In determining that a violation did not occur, the FCAA relied in significant part on the fact that some or all of the relevant website pages had been, and were intended to remain, password protected and encrypted. Along these lines, the FCAA noted in relevant part that “The formation of the company had been undertaken by experienced counsel and by the parties, and they were all fully aware of the securities laws with which they fully intended to comply. If part of the website was not effectively password protected and encrypted, it was unintended.”
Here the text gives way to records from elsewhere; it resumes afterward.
lemma flux_seq_upper_shift_antitone:
  assumes Tp: "\<And>i. 0 < Tb T i" and zigzag: "\<And>i. dzb z (i + 2) = - dzb z i"
    and noncross: "\<not> 0 < dzb z (k - 1) * dzb z k"
  shows "shift_antitone k (\<lambda>U V. flux_seq D T z U V k)"
proof -
  define w where "w = omegaG T z k"
  have w: "0 \<le> w" "0 \<le> 1 - w"
    using omegaG_bounds[OF Tp] unfolding w_def by auto
  define E where "E A B = (1 - w) * Hm (A k) (B (k + 1)) + w * Hm (A k) (B (k + 2))" for A B
  have psi: "psi_seq T z k = E"
    using noncross unfolding E_def w_def by (intro ext) (simp add: psi_seq_upper[OF zigzag])
  have "shift_antitone k E"
    unfolding E_def using w by (intro shift_antitone_add shift_antitone_scale shift_antitone_Hm_U_at)
  moreover have "shift_antitone k (\<lambda>U V. - E V U)"
    unfolding E_def minus_add_distrib mult_minus_right[symmetric]
    using w by (intro shift_antitone_add shift_antitone_scale shift_antitone_minus_Hm_V_at)
  ultimately show ?thesis
    unfolding flux_seq_def psi using Tp[of k] by (intro shift_antitone_upwind) auto
qed

lemma flux_seq_lower_shift_antitone:
  assumes Tp: "\<And>i. 0 < Tb T i" and noncross: "\<not> 0 < dzb z (k - 1) * dzb z k"
  shows "shift_antitone k (\<lambda>U V. - flux_seq D T z U V (k - 1))"
proof -
  define w where "w = omegaG T z (k - 1)"
  have w: "0 \<le> w" "0 \<le> 1 - w"
    using omegaG_bounds[OF Tp] unfolding w_def by auto
  define E where "E A B = - ((1 - w) * Hm (A (k - 1)) (B k) + w * Hm (A (k - 2)) (B k))" for A B
  have flux: "- flux_seq D T z U V (k - 1) =
      Tb T (k - 1) * (D * dzb z (k - 1)) * upwind (D * dzb z (k - 1)) E U V" for U V
    using noncross unfolding flux_seq_def E_def w_def psi_seq_lower upwind_minus by simp
  have "shift_antitone k E"
    unfolding E_def minus_add_distrib mult_minus_right[symmetric]
    using w by (intro shift_antitone_add shift_antitone_scale shift_antitone_minus_Hm_V_at)
  moreover have "shift_antitone k (\<lambda>U V. - E V U)"
    unfolding E_def minus_minus using w
    by (intro shift_antitone_add shift_antitone_scale shift_antitone_Hm_U_at)
  ultimately show ?thesis
    unfolding flux using Tp[of "k - 1"] by (intro shift_antitone_upwind) auto
qed

lemma net_flux_seq_cross:
  assumes Tp: "\<And>i. 0 < Tb T i" and zigzag: "\<And>i. dzb z (i + 2) = - dzb z i"
    and cross: "0 < dzb z (k - 1) * dzb z k"
  shows "flux_seq D T z U V k - flux_seq D T z U V (k - 1) =
    Tb T k * (D * dzb z k) * upwind (D * dzb z k)
      (\<lambda>A B. (1 - omegaG T z k) * Hm (A k) (B (k + 1))) U V +
    Tb T (k - 1) * (D * dzb z (k - 1)) * upwind (D * dzb z (k - 1))
      (\<lambda>A B. - ((1 - omegaG T z (k - 1)) * Hm (A (k - 1)) (B k))) U V"
proof -
  define X where "X A B = Hm (A (k - 1)) (B (k + 1))" for A B
  have upper: "psi_seq T z k =
      (\<lambda>A B. (1 - omegaG T z k) * Hm (A k) (B (k + 1)) + omegaG T z k * X A B)"
    using cross unfolding X_def by (intro ext) (simp add: psi_seq_upper[OF zigzag])
  have lower: "psi_seq T z (k - 1) =
      (\<lambda>A B. (1 - omegaG T z (k - 1)) * Hm (A (k - 1)) (B k) + omegaG T z (k - 1) * X A B)"
    using cross unfolding X_def by (intro ext) (simp add: psi_seq_lower)
  have same_side: "upwind (D * dzb z k) X U V = upwind (D * dzb z (k - 1)) X U V"
    using cross unfolding upwind_def by (auto simp: zero_less_mult_iff mult_less_0_iff)
  have cross_terms_cancel:
    "Tb T k * (D * dzb z k) * (omegaG T z k * upwind (D * dzb z k) X U V) =
     Tb T (k - 1) * (D * dzb z (k - 1)) * (omegaG T z (k - 1) * upwind (D * dzb z (k - 1)) X U V)"
  proof -
    have "Tb T k * (D * dzb z k) * (omegaG T z k * upwind (D * dzb z k) X U V) =
        D * upwind (D * dzb z k) X U V * (Tb T k * dzb z k * omegaG T z k)"
      by (simp add: algebra_simps)
    also have "\<dots> = D * upwind (D * dzb z (k - 1)) X U V * (Tb T (k - 1) * dzb z (k - 1) * omegaG T z (k - 1))"
      unfolding same_side omegaG_balance[OF Tp zigzag cross] ..
    finally show ?thesis
      by (simp add: algebra_simps)
  qed
  show ?thesis
    unfolding flux_seq_def upper lower upwind_add_scaled upwind_minus distrib_left
    using cross_terms_cancel by simp
qed

lemma net_flux_seq_shift_antitone:
  assumes Tp: "\<And>i. 0 < Tb T i" and zigzag: "\<And>i. dzb z (i + 2) = - dzb z i"
  shows "shift_antitone k (\<lambda>U V. flux_seq D T z U V k - flux_seq D T z U V (k - 1))"
proof (cases "0 < dzb z (k - 1) * dzb z k")
  case True
  have w: "0 \<le> 1 - omegaG T z k" "0 \<le> 1 - omegaG T z (k - 1)"
    using omegaG_bounds[OF Tp] by auto
  define E where "E = (\<lambda>A B. (1 - omegaG T z k) * Hm (A k) (B (k + 1)))"
  define E' where "E' = (\<lambda>A B :: int \<Rightarrow> real. - ((1 - omegaG T z (k - 1)) * Hm (A (k - 1)) (B k)))"
  have "shift_antitone k E" "shift_antitone k (\<lambda>U V. - E V U)"
    "shift_antitone k E'" "shift_antitone k (\<lambda>U V. - E' V U)"
    unfolding E_def E'_def minus_minus mult_minus_right[symmetric]
    by (intro shift_antitone_scale w shift_antitone_Hm_U_at shift_antitone_minus_Hm_V_at)+
  then show ?thesis
    unfolding net_flux_seq_cross[OF Tp zigzag True] E_def[symmetric] E'_def[symmetric]
    using Tp[of k] Tp[of "k - 1"] by (intro shift_antitone_add shift_antitone_upwind) auto
next
  case False
  have "shift_antitone k (\<lambda>U V. flux_seq D T z U V k + - flux_seq D T z U V (k - 1))"
    using False
    by (intro shift_antitone_add flux_seq_upper_shift_antitone flux_seq_lower_shift_antitone Tp zigzag)
  then show ?thesis
    by simp
qed

fun phase_saturation :: "phase \<Rightarrow> real \<Rightarrow> real" where
  "phase_saturation W s = s"
| "phase_saturation NW s = 1 - s"

lemma mobility_shift_update:
  assumes "mono (lam W)" "antimono (lam NW)" "\<forall>p x. 0 < lam p x"
    and "cyc k \<noteq> j" "phase_saturation l s \<le> phase_saturation l t"
  shows "mobility_shift k (mob lam l (S(j := s))) (mob lam (other l) (S(j := s)))
           (mob lam l (S(j := t))) (mob lam (other l) (S(j := t)))"
  using assms by (cases l) (auto simp: mobility_shift_def mob_def monoD antimonoD)

lemma net_Gflux_update_antitone:
  assumes T_pos: "\<forall>i \<in> {1..4}. 0 < T i" and "0 \<le> g"
    and "mono (lam W)" "antimono (lam NW)" "\<forall>p x. 0 < lam p x"
    and "z 1 - z 2 + z 3 - z 4 = 0"
    and "cyc k \<noteq> j" "phase_saturation l s \<le> phase_saturation l t"
  shows "Gflux rho g lam T z (S(j := t)) l k - Gflux rho g lam T z (S(j := t)) l (k - 1)
       \<le> Gflux rho g lam T z (S(j := s)) l k - Gflux rho g lam T z (S(j := s)) l (k - 1)"
proof -
  have "shift_antitone k (\<lambda>U V. flux_seq (rho l - rho (other l)) T z U V k
                               - flux_seq (rho l - rho (other l)) T z U V (k - 1))"
    using Tb_pos[OF T_pos] dzb_add2[OF \<open>z 1 - z 2 + z 3 - z 4 = 0\<close>]
    by (rule net_flux_seq_shift_antitone)
  then show ?thesis
    using mobility_shift_update[OF assms(3-5,7,8)] \<open>0 \<le> g\<close>
    unfolding Gflux_eq_flux_seq right_diff_distrib[symmetric] shift_antitone_def
    by (blast intro: mult_left_mono)
qed

lemma Hm_differentiable:
  "f differentiable (at x) \<Longrightarrow> g differentiable (at x) \<Longrightarrow> f x + g x \<noteq> 0
    \<Longrightarrow> (\<lambda>t. Hm (f t) (g t)) differentiable (at x)"
  unfolding Hm_def by (auto intro!: derivative_intros)

lemma flux_seq_differentiable:
  assumes "\<And>i. (\<lambda>t. U t i) differentiable (at x)" "\<And>i. (\<lambda>t. V t i) differentiable (at x)"
    and "\<And>t i. 0 < U t i" "\<And>t i. 0 < V t i"
  shows "(\<lambda>t. flux_seq D T z (U t) (V t) i) differentiable (at x)"
proof -
  have Hm_diff: "(\<lambda>t. Hm (A t p) (B t q)) differentiable (at x)"
    if "A = U \<and> B = V \<or> A = V \<and> B = U" for A B p q
  proof -
    have "0 < A x p + B x q"
      using that assms(3,4) by (auto intro: add_pos_pos)
    then show ?thesis
      using that assms(1,2) by (intro Hm_differentiable) auto
  qed
  show ?thesis
    unfolding flux_seq_def upwind_def psi_seq_def
    by (cases "0 < D * dzb z i"; cases "D * dzb z i < 0"; cases "0 < dzb z i * dzb z (i + 1)")
      (auto intro!: derivative_intros Hm_diff)
qed

lemma Gflux_update_differentiable:
  assumes "\<forall>p x. 0 < lam p x" "\<forall>p x. lam p differentiable (at x)"
  shows "(\<lambda>t. Gflux rho g lam T z (S(j := t)) l i) differentiable (at x)"
proof -
  have "(\<lambda>t. mob lam p (S(j := t)) i') differentiable (at x)" for p i'
    using assms(2) by (cases "cyc i' = j") (simp_all add: mob_def)
  then show ?thesis
    unfolding Gflux_eq_flux_seq using assms(1)
    by (intro derivative_intros flux_seq_differentiable) (auto simp: mob_def)
qed

lemma has_real_derivative_nonneg_if_mono:
  fixes f :: "real \<Rightarrow> real"
  assumes "mono f" "(f has_real_derivative f') (at x)"
  shows "0 \<le> f'"
proof (rule ccontr)
  assume "\<not> 0 \<le> f'"
  then obtain d where "0 < d" "\<forall>h > 0. h < d \<longrightarrow> f (x + h) < f x"
    using DERIV_neg_dec_right[OF assms(2)] by force
  then have "f (x + d / 2) < f x"
    by simp
  moreover have "f x \<le> f (x + d / 2)"
    using \<open>0 < d\<close> by (intro monoD[OF assms(1)]) simp
  ultimately show False
    by simp
qed

lemma has_real_derivative_nonpos_if_antimono:
  fixes f :: "real \<Rightarrow> real"
  assumes "antimono f" "(f has_real_derivative f') (at x)"
  shows "f' \<le> 0"
proof -
  have "mono (\<lambda>t. - f t)"
    using assms(1) by (simp add: mono_def antimono_def)
  then show ?thesis
    using has_real_derivative_nonneg_if_mono DERIV_minus[OF assms(2)] by fastforce
qed

theorem mainTheorem5:
  fixes z S T :: "int \<Rightarrow> real" and rho :: "phase \<Rightarrow> real" and g :: real
    and lam :: "phase \<Rightarrow> real \<Rightarrow> real" and l :: phase and k j :: int
  assumes T_pos: "\<forall>i \<in> {1..4}. T i > 0"
    and g_pos: "g > 0"
    and lam_pos: "\<forall>p x. lam p x > 0"
    and lam_diff: "\<forall>p x. lam p differentiable (at x)"
    and lam_w_mono: "mono (lam W)"
    and lam_nw_antimono: "antimono (lam NW)"
    and z_cond: "z 1 - z 2 + z 3 - z 4 = 0"
    and k_range: "k \<in> {1..4}" and j_range: "j \<in> {1..4}" and jk: "j \<noteq> k"
  shows "phase_pderiv l
           (\<lambda>S'. Gflux rho g lam T z S' l k - Gflux rho g lam T z S' l (k - 1)) S j \<le> 0"
proof -
  define F where
    "F = (\<lambda>t. Gflux rho g lam T z (S(j := t)) l k - Gflux rho g lam T z (S(j := t)) l (k - 1))"
  have pderiv: "phase_pderiv l (\<lambda>S'. Gflux rho g lam T z S' l k - Gflux rho g lam T z S' l (k - 1)) S j =
      (if l = W then deriv F (S j) else - deriv F (S j))"
    unfolding phase_pderiv_def F_def by simp
  have "cyc k \<noteq> j"
    using k_range jk by (auto simp: cyc_def)
  then have F_step: "F t \<le> F s" if "phase_saturation l s \<le> phase_saturation l t" for s t
    unfolding F_def using g_pos
    by (intro net_Gflux_update_antitone[OF T_pos _ lam_w_mono lam_nw_antimono lam_pos z_cond _ that]) auto
  have F_deriv: "(F has_real_derivative deriv F (S j)) (at (S j))"
    unfolding F_def DERIV_deriv_iff_real_differentiable
    using lam_pos lam_diff by (intro derivative_intros Gflux_update_differentiable)
  show ?thesis
  proof (cases l)
    case W
    then have "antimono F"
      using F_step by (auto intro: antimonoI)
    then show ?thesis
      using W pderiv has_real_derivative_nonpos_if_antimono[OF _ F_deriv] by simp
  next
    case NW
    then have "mono F"
      using F_step by (auto intro: monoI)
    then show ?thesis
      using NW pderiv has_real_derivative_nonneg_if_mono[OF _ F_deriv] by simp
  qed
qed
Although this decision was rendered under applicable Canadian law, it provides important lessons for companies seeking to raise capital for Bitcoin-related businesses. Although Bitcoin may not itself be a security, at least for purposes of U.S. law (see Jeffrey E. Alberts and Bertrand Fry, Is Bitcoin a Security?, Boston University School of Law Journal of Science and Technology (Winter 2015)), when a Bitcoin-related company -- even a company focused on mining Bitcoin or holding Bitcoin, whose investors have only an indirect ownership interest in an underlying portfolio of Bitcoin -- offers and sells ownership interests in themselves, they may be considered to be making an offering of securities. Because this can expose them to civil, and possibly criminal, liability for violating securities laws, such companies should engage experienced counsel to make sure that they comply with all applicable regulations.